I know, it looks like strange bedfellows, but keep reading . . .

 

If you’ve never had crème fraîche, I recommend trying it.  It’s kind of like sour cream, but a little less sour and much more subtly flavored.  And expensive, at least here.  It’s a cultured food, so we figured that if some of the cultures are still active, we might be able to get more crème fraîche by adding some of what we had to some plain cream.  Good quality organic heavy cream is about 1/4 the price per ounce of crème fraîche, at least in Flagstaff, AZ.

And in fact, if you look up crème fraîche in the KNOW YOUR INGREDIENTS section at the back of The Joy of Cooking (I love that part of the book), they suggest as a substitute: adding one tablespoon of buttermilk to one cup of heavy cream, warming it to 110° F on the stove, and then pouring in into a jar, letting it set loosely covered “until the cream has thickened and has a pleasant mildly sour flavor,” anywhere from 6 hours to 3 days.

We tried the same thing, using one tablespoon of store-bought crème fraîche to one cup of cream.  And, almost three days later, tada!  It’s funny because it looks like nothing is happening for quite a while, the cream still very liquid, and then finally a few more solid clumps appear, and the then bam! it’s done.  Once it gets as thick and mildly sour as you would like, store it in the fridge to keep it from becoming overly acidic.

These directions say to leave it in a warm place while the cultures are working.  Our house is short on warm places in the winter, so the first time I tried it, I left the little jar near the stove, figuring that whenever I heated something up it would get a little warmth.  That was the time it took almost the whole three days, but definitely worked.  The next time, I actually forgot to heat it at the beginning, I just added 1 tablespoon of the first batch to one cup of fresh cream and stirred it around.  I thought it might benefit from a warmer place, so I put it in the middle of the burners on the stove as I was cooking dinner, checking from time to time to make sure the jar was getting warm, but not hot, and to rotate it around a bit.  That time the whole jar had become thick crème fraîche by the next morning!

 

kohlrabi salad

 

Ok, so once you have some crème fraîche, kohlrabi is probably not the first thing you are inspired to put it on.  Dolloped in soup or on waffles might sound more luscious, and both are wonderful.  But, if you’ve never had kohlrabi, I definitely recommend it.  It’s one of those winter vegetables that looks knobbly and scary on the outside, but on the inside has a lovely subtle flavor, in this case a little cabbage, a little nutty, and quite good.

I tried one recipe for kohlrabi salad earlier this winter, but I thought the amount of lemon juice in the dressing overwhelmed the soft flavors.  If you look up almost any specific vegetable in Joy, it will tell you not only whether it is good raw or cooked, and how to cook it, and whether to peel it first, but it also gives a list of flavors that compliment that veggie particularly well.  That features was a huge help when we joined our local CSA – even though I had never heard of most of the greens we got, they were almost all listed, and I could figure out at least whether they were for cooking or salad, and what they were likely to taste like.
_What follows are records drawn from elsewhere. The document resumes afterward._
text \<open>Relations (ii) and (iii) in degree d.\<close>
definition HK_rels :: "(nat \<Rightarrow> real) \<Rightarrow> nat \<Rightarrow> nat \<Rightarrow> nat set set set" where
  "HK_rels l n d =
     {{I} | I. I \<in> mons n d \<and> \<not> subgee l n I} \<union>
     {{T \<in> mons n d. T \<inter> S = {}} | S. subgee l n S \<and> n \<le> card S + 2 + d}"

definition zsum :: "nat set set set \<Rightarrow> nat set set" where
  "zsum F = {I. odd (card {v \<in> F. I \<in> v})}"

definition HK_span :: "(nat \<Rightarrow> real) \<Rightarrow> nat \<Rightarrow> nat \<Rightarrow> nat set set set" where
  "HK_span l n d = {zsum F | F. finite F \<and> F \<subseteq> HK_rels l n d}"

text \<open>phi(R^(m-|I|) V_I) for m = n - 3: the top class H^m is Z2, and phi is the
  isomorphism to Z2, so the value is 1 iff the class is nonzero, i.e. iff the symbol {I}
  is not in the span of the relations.\<close>
definition HK_phi :: "(nat \<Rightarrow> real) \<Rightarrow> nat \<Rightarrow> nat set \<Rightarrow> nat" where
  "HK_phi l n I = (if {I} \<notin> HK_span l n (n - 3) then 1 else 0)"

end

theory Submission
  imports Defs
begin

text \<open>Suppose the degree-m monomials R^(m-|I|) V_I were nonzero exactly for I \<subseteq> S. Then
  every face of S is a subgee by (ii), and every monomial outside the simplex on S vanishes,
  so each relation (iii) may be intersected with the faces of S. If |S| \<le> m, let B be a
  vertex of S, or a nonempty gee if S is empty. Relations (iii) for subgees A \<union> B', taken
  in an induction on A, show that the sum of the faces T of S with A \<subseteq> T and T \<inter> B' = {}
  vanishes; for A = S - B this sum is the single monomial V_(S-B), which is nonzero since
  S - B \<subseteq> S. If |S| > m, then S contains [n-1] - {a} for some a, and for distinct b, c in
  it both [n-1] - {a,b} and [n-1] - {a,c} would be subgees; adding their shortness
  inequalities gives l n < l a, contradicting monotonicity of l.\<close>

subsection \<open>The Z2-span of the relations\<close>

lemma zsum_singleton: "zsum {v} = v"
proof -
  have "card {w \<in> {v}. I \<in> w} = (if I \<in> v then 1 else 0)" for I
    by (auto simp: Collect_conv_if)
  then show ?thesis
    unfolding zsum_def by auto
qed

lemma zsum_empty: "zsum {} = {}"
  unfolding zsum_def by simp

lemma zsum_subset_Union: "zsum F \<subseteq> \<Union>F"
proof
  fix I
  assume "I \<in> zsum F"
  then have "odd (card {v \<in> F. I \<in> v})"
    unfolding zsum_def by simp
  then have "{v \<in> F. I \<in> v} \<noteq> {}"
    by (metis card.empty even_zero)
  then show "I \<in> \<Union>F"
    by blast
qed

lemma odd_card_sym_diff:
  assumes "finite A" "finite B"
  shows "odd (card (sym_diff A B)) \<longleftrightarrow> odd (card A) \<noteq> odd (card B)"
proof -
  have "card (sym_diff A B) = card (A - B) + card (B - A)"
    using assms by (intro card_Un_disjoint) auto
  moreover have "card A = card (A \<inter> B) + card (A - B)" "card B = card (A \<inter> B) + card (B - A)"
    using assms card_Int_Diff[of A B] card_Int_Diff[of B A] by (auto simp: Int_commute)
  ultimately show ?thesis
    by auto
qed

lemma zsum_sym_diff:
  assumes "finite F" "finite F'"
  shows "zsum (sym_diff F F') = sym_diff (zsum F) (zsum F')"
proof -
  have "{v \<in> sym_diff F F'. I \<in> v} = sym_diff {v \<in> F. I \<in> v} {v \<in> F'. I \<in> v}" for I
    by auto
  then show ?thesis
    using assms odd_card_sym_diff[of "{v \<in> F. _ \<in> v}" "{v \<in> F'. _ \<in> v}"]
    unfolding zsum_def by auto
qed

lemma HK_rels_in_span: "r \<in> HK_rels l n d \<Longrightarrow> r \<in> HK_span l n d"
  unfolding HK_span_def using zsum_singleton[of r] by blast

lemma HK_span_empty: "{} \<in> HK_span l n d"
  unfolding HK_span_def using zsum_empty by blast

lemma HK_span_sym_diff:
  assumes "x \<in> HK_span l n d" "y \<in> HK_span l n d"
  shows "sym_diff x y \<in> HK_span l n d"
proof -
  obtain F F' where "finite F" "F \<subseteq> HK_rels l n d" "x = zsum F"
    and "finite F'" "F' \<subseteq> HK_rels l n d" "y = zsum F'"
    using assms unfolding HK_span_def by auto
  then show ?thesis
    unfolding HK_span_def using zsum_sym_diff
    by (intro CollectI exI[of _ "sym_diff F F'"]) auto
qed

lemma HK_span_if_singletons_in_span:
  assumes "finite X" "\<And>T. T \<in> X \<Longrightarrow> {T} \<in> HK_span l n d"
  shows "X \<in> HK_span l n d"
  using assms
proof (induction X rule: finite_induct)
  case empty
  show ?case
    by (rule HK_span_empty)
next
  case (insert x X)
  then have "sym_diff X {x} \<in> HK_span l n d"
    by (intro HK_span_sym_diff) auto
  moreover have "sym_diff X {x} = insert x X"
    using insert by auto
  ultimately show ?case
    by simp
qed

lemma finite_mons: "finite (mons n d)"
  unfolding mons_def by (rule finite_subset[of _ "Pow {1..n-1}"]) auto

lemma HK_span_subset_mons: "v \<in> HK_span l n d \<Longrightarrow> v \<subseteq> mons n d"
  unfolding HK_span_def HK_rels_def using zsum_subset_Union by fastforce

lemma HK_span_Int_Pow:
  assumes outside: "\<And>T. T \<in> mons n d \<Longrightarrow> \<not> T \<subseteq> S \<Longrightarrow> {T} \<in> HK_span l n d"
    and v: "v \<in> HK_span l n d"
  shows "v \<inter> Pow S \<in> HK_span l n d"
proof -
  have "v \<subseteq> mons n d"
    using v by (rule HK_span_subset_mons)
  then have "finite (v - Pow S)"
    using finite_mons by (auto intro: finite_subset)
  moreover have "{T} \<in> HK_span l n d" if "T \<in> v - Pow S" for T
    using that \<open>v \<subseteq> mons n d\<close> by (intro outside) auto
  ultimately have "v - Pow S \<in> HK_span l n d"
    by (rule HK_span_if_singletons_in_span)
  moreover have "sym_diff v (v - Pow S) = v \<inter> Pow S"
    by blast
  ultimately show ?thesis
    using HK_span_sym_diff[OF v] by metis
qed

lemma generic_length_pos: "generic_length l n \<Longrightarrow> i \<in> {1..n} \<Longrightarrow> 0 < l i"
  unfolding generic_length_def by blast
lemma bipower_sum_has_real_derivative:
  assumes "-1 < x" "x < 1"
  shows "(bipower_sum L has_real_derivative bipower_sum (bipower_deriv_terms L) x) (at x)"
proof (induction L)
  case Nil
  then show ?case by simp
next
  case (Cons t L)
  obtain c a b where t: "t = (c, a, b)" by (cases t) auto
  have "(1 + x) / 2 > 0" "(1 - x) / 2 > 0" using assms by auto
  then have "((\<lambda>x. c * ((1 + x) / 2) powr a * ((1 - x) / 2) powr b) has_real_derivative
      c * a / 2 * ((1 + x) / 2) powr (a - 1) * ((1 - x) / 2) powr b
      - c * b / 2 * ((1 + x) / 2) powr a * ((1 - x) / 2) powr (b - 1)) (at x)"
    by (auto intro!: derivative_eq_intros simp: algebra_simps)
  from DERIV_add[OF this Cons.IH] show ?case
    unfolding t by (simp add: algebra_simps)
qed

(* A substitute for smoothness on (-1,1): the class is closed under deriv and contains every mu and P_n. *)
definition bipower_function :: "(real \<Rightarrow> real) \<Rightarrow> bool" where
  "bipower_function f \<longleftrightarrow> (\<exists>L. \<forall>x\<in>{-1<..<1}. f x = bipower_sum L x)"

lemma bipower_function_cong:
  "bipower_function f \<Longrightarrow> (\<And>x. x \<in> {-1<..<1} \<Longrightarrow> f x = f' x) \<Longrightarrow> bipower_function f'"
  unfolding bipower_function_def by metis

lemma bipower_function_has_real_derivative:
  assumes "bipower_function f" "x \<in> {-1<..<1}"
  shows "(f has_real_derivative deriv f x) (at x)"
proof -
  obtain L where L: "\<forall>x\<in>{-1<..<1}. f x = bipower_sum L x"
    using assms(1) unfolding bipower_function_def by blast
  have "(f has_real_derivative bipower_sum (bipower_deriv_terms L) x) (at x)"
    by (rule has_field_derivative_transform_within_open[OF bipower_sum_has_real_derivative _ assms(2)])
       (use assms(2) L in auto)
  then show ?thesis by (simp add: DERIV_imp_deriv)
qed

lemma bipower_function_deriv: "bipower_function f \<Longrightarrow> bipower_function (deriv f)"
proof -
  assume "bipower_function f"
  then obtain L where L: "\<forall>x\<in>{-1<..<1}. f x = bipower_sum L x"
    unfolding bipower_function_def by blast
  have "deriv f x = bipower_sum (bipower_deriv_terms L) x" if "x \<in> {-1<..<1}" for x
    using has_field_derivative_transform_within_open[OF bipower_sum_has_real_derivative _ that] that L
    by (auto intro!: DERIV_imp_deriv)
  then show "bipower_function (deriv f)" unfolding bipower_function_def by blast
qed

lemma bipower_function_higher_deriv: "bipower_function f \<Longrightarrow> bipower_function ((deriv ^^ j) f)"
  by (induction j) (simp_all add: bipower_function_deriv)

lemma higher_deriv_reflect:
  assumes "bipower_function G" and "\<forall>x\<in>{-1<..<1}. F x = c * G (- x)"
  shows "\<forall>x\<in>{-1<..<1}. (deriv ^^ j) F x = c * (-1) ^ j * (deriv ^^ j) G (- x)"
proof (induction j)
  case 0
  then show ?case using assms(2) by simp
next
  case (Suc j)
  show ?case
  proof
    fix x :: real assume x: "x \<in> {-1<..<1}"
    have "((deriv ^^ j) G has_real_derivative (deriv ^^ Suc j) G (- x)) (at (- x))"
      using bipower_function_has_real_derivative[OF bipower_function_higher_deriv[OF assms(1)]] x by simp
    then have "((\<lambda>y. c * (-1) ^ j * (deriv ^^ j) G (- y)) has_real_derivative
        c * (-1) ^ Suc j * (deriv ^^ Suc j) G (- x)) (at x)"
      by (auto intro!: derivative_eq_intros DERIV_chain2[where g=uminus])
    then have "((deriv ^^ j) F has_real_derivative c * (-1) ^ Suc j * (deriv ^^ Suc j) G (- x)) (at x)"
      by (rule has_field_derivative_transform_within_open[OF _ _ x]) (use Suc in auto)
    then show "(deriv ^^ Suc j) F x = c * (-1) ^ Suc j * (deriv ^^ Suc j) G (- x)"
      by (simp add: DERIV_imp_deriv)
  qed
qed

lemma bipower_sum_map:
  "bipower_sum (map (\<lambda>k. (q k, a, b + real k)) ks) x
     = (\<Sum>k\<leftarrow>ks. q k * ((1 + x) / 2) powr a * ((1 - x) / 2) powr (b + real k))"
  by (induction ks) auto

lemma bipower_function_jacobiP:
  "bipower_function (\<lambda>x. ((1 + x) / 2) powr a * ((1 - x) / 2) powr b * jacobiP \<alpha> \<beta> m x)"
proof -
  define q where "q k = pochhammer (- real m) k * pochhammer (real m + \<alpha> + \<beta> + 1) k
                        * pochhammer (\<alpha> + real k + 1) (m - k) / fact k / fact m" for k
  define L where "L = map (\<lambda>k. (q k, a, b + real k)) [0..<Suc m]"
  have "((1 + x) / 2) powr a * ((1 - x) / 2) powr b * jacobiP \<alpha> \<beta> m x = bipower_sum L x"
    if "x \<in> {-1<..<1}" for x
  proof -
    have w: "(1 - x) / 2 > 0" using that by auto
    have "bipower_sum L x = (\<Sum>k\<in>{0..<Suc m}. q k * ((1 + x) / 2) powr a * ((1 - x) / 2) powr (b + real k))"
      unfolding L_def bipower_sum_map sum_set_upt_conv_sum_list_nat[symmetric] by simp
    also have "\<dots> = ((1 + x) / 2) powr a * ((1 - x) / 2) powr b * jacobiP \<alpha> \<beta> m x"
      unfolding jacobiP_def q_def sum_distrib_left atLeastLessThanSuc_atLeastAtMost
      by (rule sum.cong[OF refl]) (simp add: powr_add powr_realpow[OF w] field_simps)
    finally show ?thesis by simp
  qed
  then show ?thesis unfolding bipower_function_def by blast
qed

lemma bipower_function_mu: "bipower_function (mu d g h)"
proof -
  obtain v t where d: "d = (v, t)" by (cases d)
  show ?thesis
  proof (cases t)
    case TI
    show ?thesis
      by (rule bipower_function_cong[OF bipower_function_jacobiP[where b=0]]) (simp add: mu_def d TI)
  next
    case TII
    show ?thesis
      by (rule bipower_function_cong[OF bipower_function_jacobiP[where a=0]]) (simp add: mu_def d TII)
  qed
qed

lemma bipower_function_Pn: "bipower_function (Pn n g h)"
  by (rule bipower_function_cong[OF bipower_function_jacobiP[where a=0 and b=0]]) (simp add: Pn_def)

lemma wronskian_scaled_permuted:
  assumes "length fs = M" "length gs = M" and \<sigma>: "\<sigma> permutes {0..<M}"
    and rel: "\<forall>i<M. \<forall>j<M. (deriv ^^ j) (fs ! i) x = c i * e j * (deriv ^^ j) (gs ! \<sigma> i) y"
  shows "wronskian fs x = (\<Prod>i<M. c i) * (\<Prod>j<M. e j) * of_int (sign \<sigma>) * wronskian gs y"
proof -
  define P where "P = {p. p permutes {0..<M}}"
  define T where "T q = (\<Prod>j<M. (deriv ^^ j) (gs ! q j) y)" for q :: "nat \<Rightarrow> nat"
  have "wronskian fs x = (\<Sum>p\<in>P. of_int (sign p) * ((\<Prod>i<M. c i) * (\<Prod>j<M. e j) * T (\<sigma> \<circ> p)))"
    unfolding wronskian_def assms(1) P_def
  proof (rule sum.cong[OF refl])
    fix p assume "p \<in> {p. p permutes {0..<M}}"
    then have p: "p permutes {..<M}" by (simp add: atLeast0LessThan)
    have "(\<Prod>j<M. (deriv ^^ j) (fs ! p j) x) = (\<Prod>j<M. c (p j) * e j * (deriv ^^ j) (gs ! \<sigma> (p j)) y)"
      using rel permutes_in_image[OF p] by (intro prod.cong) auto
    also have "\<dots> = (\<Prod>i<M. c i) * (\<Prod>j<M. e j) * T (\<sigma> \<circ> p)"
      using prod.permute[OF p, of c] by (simp add: prod.distrib T_def comp_def)
    finally show "of_int (sign p) * (\<Prod>j<M. (deriv ^^ j) (fs ! p j) x)
        = of_int (sign p) * ((\<Prod>i<M. c i) * (\<Prod>j<M. e j) * T (\<sigma> \<circ> p))" by simp
  qed
  also have "\<dots> = (\<Prod>i<M. c i) * (\<Prod>j<M. e j) * (\<Sum>p\<in>P. of_int (sign p) * T (\<sigma> \<circ> p))"
    by (simp add: sum_distrib_left mult_ac)
  also have "(\<Sum>p\<in>P. of_int (sign p) * T (\<sigma> \<circ> p)) = (\<Sum>q\<in>P. of_int (sign (inv \<sigma> \<circ> q)) * T q)"
    by (rule sum.reindex_bij_witness[where i="\<lambda>q. inv \<sigma> \<circ> q" and j="\<lambda>p. \<sigma> \<circ> p"])
       (use \<sigma> in \<open>auto simp: P_def o_assoc permutes_inv permutes_compose
                              permutes_inv_o[OF \<sigma>] permutes_surj[OF \<sigma>]\<close>)
  also have "\<dots> = of_int (sign \<sigma>) * (\<Sum>q\<in>P. of_int (sign q) * T q)"
    unfolding sum_distrib_left
  proof (rule sum.cong[OF refl])
    fix q assume "q \<in> P"
    then have "permutation q" by (auto simp: P_def permutation_permutes)
    moreover have "permutation \<sigma>" "permutation (inv \<sigma>)"
      using \<sigma> permutes_inv[OF \<sigma>] by (auto simp: permutation_permutes)
    ultimately show "of_int (sign (inv \<sigma> \<circ> q)) * T q = of_int (sign \<sigma>) * (of_int (sign q) * T q)"
      by (simp add: sign_compose sign_inverse)
  qed
  also have "(\<Sum>q\<in>P. of_int (sign q) * T q) = wronskian gs y"
    unfolding wronskian_def assms(2) P_def T_def ..
  finally show ?thesis by (simp add: mult_ac)
qed

lemma fixpoint_free_involution_remove_orbit:
  fixes \<sigma> :: "'a \<Rightarrow> 'a"
  assumes \<sigma>: "\<sigma> permutes S" and invol: "\<forall>x\<in>S. \<sigma> (\<sigma> x) = x \<and> \<sigma> x \<noteq> x" and a: "a \<in> S"
  defines "\<tau> \<equiv> Transposition.transpose a (\<sigma> a) \<circ> \<sigma>"
  shows "\<tau> permutes S - {a, \<sigma> a}"
    and "\<forall>x\<in>S - {a, \<sigma> a}. \<tau> x = \<sigma> x \<and> \<tau> (\<tau> x) = x \<and> \<tau> x \<noteq> x"
    and "finite S \<Longrightarrow> sign \<tau> = - sign \<sigma>"
proof -
  have b: "\<sigma> a \<in> S" "\<sigma> a \<noteq> a" "\<sigma> (\<sigma> a) = a"
    using permutes_in_image[OF \<sigma>] invol a by auto
  have away: "\<sigma> x \<noteq> a \<and> \<sigma> x \<noteq> \<sigma> a" if "x \<in> S - {a, \<sigma> a}" for x
    using that invol[rule_format, of x] b(3) by auto
  have "\<tau> permutes S"
    unfolding \<tau>_def by (rule permutes_compose[OF \<sigma> permutes_swap_id[OF a b(1)]])
  then show "\<tau> permutes S - {a, \<sigma> a}"
    by (rule permutes_superset) (auto simp: \<tau>_def b)
  have \<tau>_eq: "\<tau> x = \<sigma> x" if "x \<in> S - {a, \<sigma> a}" for x
    using away[OF that] by (simp add: \<tau>_def)
  have "\<sigma> x \<in> S - {a, \<sigma> a}" if "x \<in> S - {a, \<sigma> a}" for x
    using away[OF that] permutes_in_image[OF \<sigma>] that by auto
  then show "\<forall>x\<in>S - {a, \<sigma> a}. \<tau> x = \<sigma> x \<and> \<tau> (\<tau> x) = x \<and> \<tau> x \<noteq> x"
    using invol by (simp add: \<tau>_eq)
  assume "finite S"
  then have "permutation \<sigma>" using \<sigma> by (auto simp: permutation_permutes)
  then show "sign \<tau> = - sign \<sigma>"
    unfolding \<tau>_def by (simp add: sign_compose permutation_swap_id sign_swap_id b(2)[symmetric])
qed

lemma fixpoint_free_involution_sign:
  assumes "finite S" "\<sigma> permutes S" "\<forall>x\<in>S. \<sigma> (\<sigma> x) = x \<and> \<sigma> x \<noteq> x"
    and "\<forall>x\<in>S. c (\<sigma> x) = c x \<and> c x * c x = (1 :: real)"
  shows "even (card S) \<and> sign \<sigma> = (-1) ^ (card S div 2) \<and> (\<Prod>x\<in>S. c x) = 1"
  using assms
proof (induction "card S" arbitrary: S \<sigma> rule: less_induct)
  case less
  show ?case
  proof (cases "S = {}")
    case True
    then show ?thesis using less.prems by simp
  next
    case False
    then obtain a where a: "a \<in> S" by blast
    define S' where "S' = S - {a, \<sigma> a}"
    define \<tau> where "\<tau> = Transposition.transpose a (\<sigma> a) \<circ> \<sigma>"
    note \<tau> = fixpoint_free_involution_remove_orbit[OF less.prems(2,3) a, folded \<tau>_def S'_def]
    have b: "\<sigma> a \<in> S" "\<sigma> a \<noteq> a" using permutes_in_image[OF less.prems(2)] less.prems(3) a by auto
    moreover have "card {a, \<sigma> a} \<le> card S" by (rule card_mono) (use less.prems(1) a b in auto)
    ultimately have card: "card S = card S' + 2"
      using less.prems(1) a by (simp add: S'_def card_Diff_subset)
    have "\<forall>x\<in>S'. \<tau> (\<tau> x) = x \<and> \<tau> x \<noteq> x" "\<forall>x\<in>S'. c (\<tau> x) = c x \<and> c x * c x = 1"
      using \<tau>(2) less.prems(4) unfolding S'_def by (blast, auto)
    then have "even (card S') \<and> sign \<tau> = (-1) ^ (card S' div 2) \<and> (\<Prod>x\<in>S'. c x) = 1"
      using less.prems(1) by (intro less.hyps[OF _ _ \<tau>(1)]) (simp_all add: card S'_def)
    moreover have "(\<Prod>x\<in>S. c x) = c a * c (\<sigma> a) * (\<Prod>x\<in>S'. c x)"
      using less.prems(1) a b unfolding S'_def
      by (simp add: prod.remove[of S a] prod.remove[of "S - {a}" "\<sigma> a"] Diff_insert2[symmetric] mult_ac)
    ultimately show ?thesis
      using \<tau>(3)[OF less.prems(1)] less.prems(4) a card by simp
  qed
qed

fun mirror_label :: "seedlabel \<Rightarrow> seedlabel" where
  "mirror_label (v, TI) = (v, TII)"
| "mirror_label (v, TII) = (v, TI)"

lemma mirror_label_mirror_label [simp]: "mirror_label (mirror_label d) = d"
  and mirror_label_neq: "mirror_label d \<noteq> d"
  and fst_mirror_label [simp]: "fst (mirror_label d) = fst d"
  and snd_mirror_label_eq_TI [simp]: "snd (mirror_label d) = TI \<longleftrightarrow> snd d = TII"
  and snd_mirror_label_eq_TII [simp]: "snd (mirror_label d) = TII \<longleftrightarrow> snd d = TI"
  by (cases d rule: mirror_label.cases; simp)+

lemma mirror_symmetric_mirror_label_mem:
  "mirror_symmetric D \<Longrightarrow> mirror_label d \<in> set D \<longleftrightarrow> d \<in> set D"
  by (cases d rule: mirror_label.cases) (auto simp: mirror_symmetric_def set_eq_iff)

lemma mu_mirror: "mu d h g x = (-1) ^ fst d * mu (mirror_label d) g h (- x)"
proof -
  obtain v t where d: "d = (v, t)" by (cases d)
  have "(-1 :: real) ^ v * (-1) ^ v = 1" by (simp add: power_add[symmetric])
  then show ?thesis
    by (cases t) (simp_all add: d mu_def jacobiP_minus mult_ac)
qed

lemma Pn_mirror: "Pn n h g x = (-1) ^ n * Pn n g h (- x)"
proof -
  have "(-1 :: real) ^ n * (-1) ^ n = 1" by (simp add: power_add[symmetric])
  then show ?thesis by (simp add: Pn_def jacobiP_minus mult_ac)
qed

lemma higher_deriv_mu_mirror:
  "x \<in> {-1<..<1} \<Longrightarrow>
     (deriv ^^ j) (mu d h g) x = (-1) ^ fst d * (-1) ^ j * (deriv ^^ j) (mu (mirror_label d) g h) (- x)"
  using higher_deriv_reflect[OF bipower_function_mu] mu_mirror by blast

lemma higher_deriv_Pn_mirror:
  "x \<in> {-1<..<1} \<Longrightarrow> (deriv ^^ j) (Pn n h g) x = (-1) ^ n * (-1) ^ j * (deriv ^^ j) (Pn n g h) (- x)"
  using higher_deriv_reflect[OF bipower_function_Pn] Pn_mirror by blast
theorem lemma2p3:
  fixes V :: "'a set" and E :: "'a set set"
    and VH :: "'b set" and EH :: "'b set set"
    and VF :: "'c set" and EF :: "'c set set"
    and k :: nat
  assumes "graph V E"
    and "chromatic_number V (complement V E) = k"
    and "graph VH EH"
    and "graph VF EF" and "bipartite VF EF" and "card VF = k"
    and "\<forall>(W, D) \<in> FH VH EH. \<not> contains_subgraph VF EF W D"
  shows "\<exists>VG EG. graph VG EG \<and> VG \<subseteq> V \<and> EG \<subseteq> E \<and>
           real (card EG) \<ge> real (card E) * real (card EF) / real (k choose 2) \<and>
           \<not> contains_induced VG EG VH EH"
proof -
  have "finite V" "finite VF" "finite VH"
    using assms(1,3,4) unfolding graph_def by auto
  then obtain \<sigma> where \<sigma>: "\<sigma> ` V \<subseteq> VF"
    and cliques: "\<forall>u\<in>V. \<forall>v\<in>V. u \<noteq> v \<and> \<sigma> u = \<sigma> v \<longrightarrow> {u, v} \<in> E"
    using ex_clique_cover_indexed_by assms(2,6) by metis
  obtain \<pi> where \<pi>: "\<pi> permutes VF"
    and dense: "real (card E) * card EF / (card VF choose 2) \<le> card (pullback_edges (\<pi> \<circ> \<sigma>) E EF)"
    using ex_permutes_dense_pullback[OF assms(1,4) \<sigma>] by blast
  have "(\<pi> \<circ> \<sigma>) ` V \<subseteq> VF"
    using \<sigma> \<pi> by (auto simp: permutes_in_image)
  moreover have "{u, v} \<in> E" if "u \<in> V" "v \<in> V" "u \<noteq> v" "(\<pi> \<circ> \<sigma>) u = (\<pi> \<circ> \<sigma>) v" for u v
    using that cliques permutes_inj[OF \<pi>] by (auto simp: inj_eq)
  ultimately have "\<not> contains_induced V (pullback_edges (\<pi> \<circ> \<sigma>) E EF) VH EH"
    by (rule pullback_edges_not_contains_induced[OF \<open>finite VH\<close> assms(5,7)])
  moreover have "pullback_edges (\<pi> \<circ> \<sigma>) E EF \<subseteq> E"
    by (auto simp: pullback_edges_def)
  ultimately show ?thesis
    using graph_pullback_edges[OF assms(1)] dense unfolding assms(6) by blast
qed

end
Under kohlrabi it says, among other things, that it goes well with cream, parsley, and dill.  As do carrots, and so . . .

 

Recipe Sketch: Kohlrabi and Carrot Salad with Crème Fraîche

This makes enough for 2 or 3 servings, feel free to make more!

 

Peel, taking off the woody outside layer (chew on a bit if you are not sure), 2 small kohlrabi

Scrub one medium carrot (I pretty much never peel carrots)

Grate the kohlrabi and carrot on the largest teeth of your grater (a trick I only recently figured out is to leave the carrot top as a handle, start grating from the skinny end, and stop when you get almost to the top).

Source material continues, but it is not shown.